Source: OSEM (Ontario Society of Environmental Management) Newsletter, 1989, cited in Nelson, J.G. and H. Edsvik. 1990. Sustainable development, conservation strategies, and heritage. Alternatives 16 (4): 62-71.

  1. Sustainable development is development that meets the needs of the present without compromising the ability of future generations to meet their own needs.
  2. Sustainable development requires the promotion of values that encourage consumption standards that are within the bounds of the ecologically possible and to which all can reasonably aspire.
  3. Meeting essential needs depends in part on achieving full growth potential, and sustainable development clearly requires economic growth in places where such needs are not being met.
  4. Though the issue is not merely one of population size but the distribution of resources, sustainable development can only be pursued if demographic developments are in harmony with the changing productive potential of the ecosystem.
  5. Sustainable development must not endanger the natural systems that support life on Earth; the atmosphere, the waters, the soils, and living beings.
  6. Growth has no set limits in terms of population or resource use beyond which lies ecological disaster ... but ultimate limits there are, and sustainability requires that long before these are reached the world must ensure equitable access to the constrained resources and re-orient technological efforts to relieve the pressure.

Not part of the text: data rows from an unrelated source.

lemma mem_box: "q \<in> box k n p \<longleftrightarrow> (\<exists>j. q = (fst p - j * int k, snd p + j * nk))"
  unfolding box_def by auto

lemma box_eq:
  assumes "q \<in> box k n p"
  shows "box k n q = box k n p"
proof -
  obtain j where j: "q = (fst p - j * int k, snd p + j * nk)" using assms mem_box by blast
  have "r \<in> box k n q \<longleftrightarrow> r \<in> box k n p" for r
  proof
    assume "r \<in> box k n q"
    then obtain i where "r = (fst q - i * int k, snd q + i * nk)" using mem_box by blast
    then show "r \<in> box k n p" using j by (auto simp: mem_box algebra_simps intro!: exI[of _ "i + j"])
  next
    assume "r \<in> box k n p"
    then obtain i where "r = (fst p - i * int k, snd p + i * nk)" using mem_box by blast
    then show "r \<in> box k n q" using j by (auto simp: mem_box algebra_simps intro!: exI[of _ "i - j"])
  qed
  then show ?thesis by blast
qed

lemma box_self: "p \<in> box k n p"
  unfolding mem_box by (auto intro: exI[of _ 0])

lemma box_eq_iff: "box k n p = box k n q \<longleftrightarrow> q \<in> box k n p"
  using box_eq box_self by metis

lemma box_shift_column: "box k n (x + int k, y) = box k n (x, y + nk)"
  by (rule box_eq) (auto simp: mem_box intro: exI[of _ "-1"])

lemma box_column_mod: "(x mod int k, y + (x div int k) * nk) \<in> box k n (x, y)"
  unfolding mem_box by (auto simp: minus_div_mult_eq_mod intro!: exI[of _ "x div int k"])
lemma vec_diff_inj:
  assumes "x \<in> vecs q n" "y \<in> vecs q n" "z \<in> vecs q n" "vec_diff q x z = vec_diff q y z"
  shows "x = y"
proof (rule nth_equalityI)
  show "length x = length y" using assms by (simp add: vecs_def)
  fix i assume "i < length x"
  then have i: "i < n" using assms by (simp add: vecs_def)
  have lt: "x ! i < q" "y ! i < q" using assms i vecs_nth_less by auto
  have "int (x ! i) - int (y ! i) =
      (int (vec_diff q y z ! i) - (int (y ! i) - int (z ! i)))
      - (int (vec_diff q x z ! i) - (int (x ! i) - int (z ! i)))"
    using assms(4) by simp
  also have "int q dvd \<dots>"
    using vec_diff_nth_cong[OF assms(1,3) i] vec_diff_nth_cong[OF assms(2,3) i] by (simp only: dvd_diff)
  finally show "x ! i = y ! i" using dvd_diff_less_imp_eq lt by blast
qed

definition additive_mod :: "nat \<Rightarrow> nat \<Rightarrow> (nat list \<Rightarrow> int) \<Rightarrow> bool" where
  "additive_mod q n \<phi> \<longleftrightarrow>
    (\<forall>x\<in>vecs q n. \<forall>y\<in>vecs q n. int q dvd \<phi> (vec_diff q x y) - (\<phi> x - \<phi> y))"

text \<open>Each additive condition cuts a subgroup down by at most a factor \<open>q\<close>: translating by a member
  of a residue class maps it injectively into the class of \<open>0\<close>.\<close>

lemma card_le_card_zeros:
  assumes q: "0 < q" and K: "K \<subseteq> vecs q n" "\<And>x y. x \<in> K \<Longrightarrow> y \<in> K \<Longrightarrow> vec_diff q x y \<in> K"
    and \<phi>: "additive_mod q n \<phi>"
  shows "card K \<le> q * card {x \<in> K. int q dvd \<phi> x}"
proof -
  define Z where "Z = {x \<in> K. int q dvd \<phi> x}"
  define F where "F v = {x \<in> K. \<phi> x mod int q = int v}" for v
  have fin: "finite K" using K(1) finite_vecs finite_subset by blast
  have cover: "K \<subseteq> (\<Union>v<q. F v)"
  proof
    fix x assume "x \<in> K"
    define v where "v = nat (\<phi> x mod int q)"
    have "int v = \<phi> x mod int q" "v < q" using q by (simp_all add: v_def nat_less_iff)
    with \<open>x \<in> K\<close> have "x \<in> F v" "v \<in> {..<q}" by (simp_all add: F_def)
    then show "x \<in> (\<Union>v<q. F v)" by blast
  qed
  have card_class: "card (F v) \<le> card Z" for v
  proof (cases "F v = {}")
    case False
    then obtain x0 where x0: "x0 \<in> F v" by blast
    have "(\<lambda>x. vec_diff q x x0) ` F v \<subseteq> Z"
    proof clarify
      fix x assume x: "x \<in> F v"
      have in_K: "x \<in> K" "x0 \<in> K" using x x0 by (simp_all add: F_def)
      then have "x \<in> vecs q n" "x0 \<in> vecs q n" using K(1) by auto
      then have "int q dvd \<phi> (vec_diff q x x0) - (\<phi> x - \<phi> x0)"
        using \<phi> by (simp add: additive_mod_def)
      moreover have "int q dvd \<phi> x - \<phi> x0"
        using x x0 by (simp add: F_def mod_eq_dvd_iff[symmetric])
      ultimately have "int q dvd \<phi> (vec_diff q x x0)" using dvd_diff_left_iff by blast
      then show "vec_diff q x x0 \<in> Z" using K(2)[OF in_K] by (simp add: Z_def)
    qed
    moreover have "inj_on (\<lambda>x. vec_diff q x x0) (F v)"
    proof (rule inj_onI)
      fix x y assume "x \<in> F v" "y \<in> F v" "vec_diff q x x0 = vec_diff q y x0"
      moreover have "F v \<subseteq> vecs q n" using K(1) by (auto simp: F_def)
      ultimately show "x = y" using vec_diff_inj[of x q n y x0] x0 by blast
    qed
    ultimately show ?thesis
      by (intro card_inj_on_le) (auto simp: Z_def fin)
  qed simp
  have "card K \<le> card (\<Union>v<q. F v)" by (rule card_mono[OF _ cover]) (auto simp: F_def fin)
  also have "\<dots> \<le> (\<Sum>v<q. card (F v))" by (rule card_UN_le) simp
  also have "\<dots> \<le> q * card Z" using sum_mono[of "{..<q}", OF card_class] by simp
  finally show ?thesis by (simp add: Z_def)
qed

  7. Most renewable resources are part of a complex and interlinked ecosystem and maximal sustained yield must be defined after taking into account system-wide effects of exploitation.
  8. Sustainable development requires that the rate of depletion of non-renewable resources should foreclose as few options as possible.
  9. Sustainable development requires the conservation of plant and animal species.
  10. Sustainable development requires that the adverse impacts on the quality of air, water and other natural elements are minimized so as to sustain the ecosystem's overall integrity.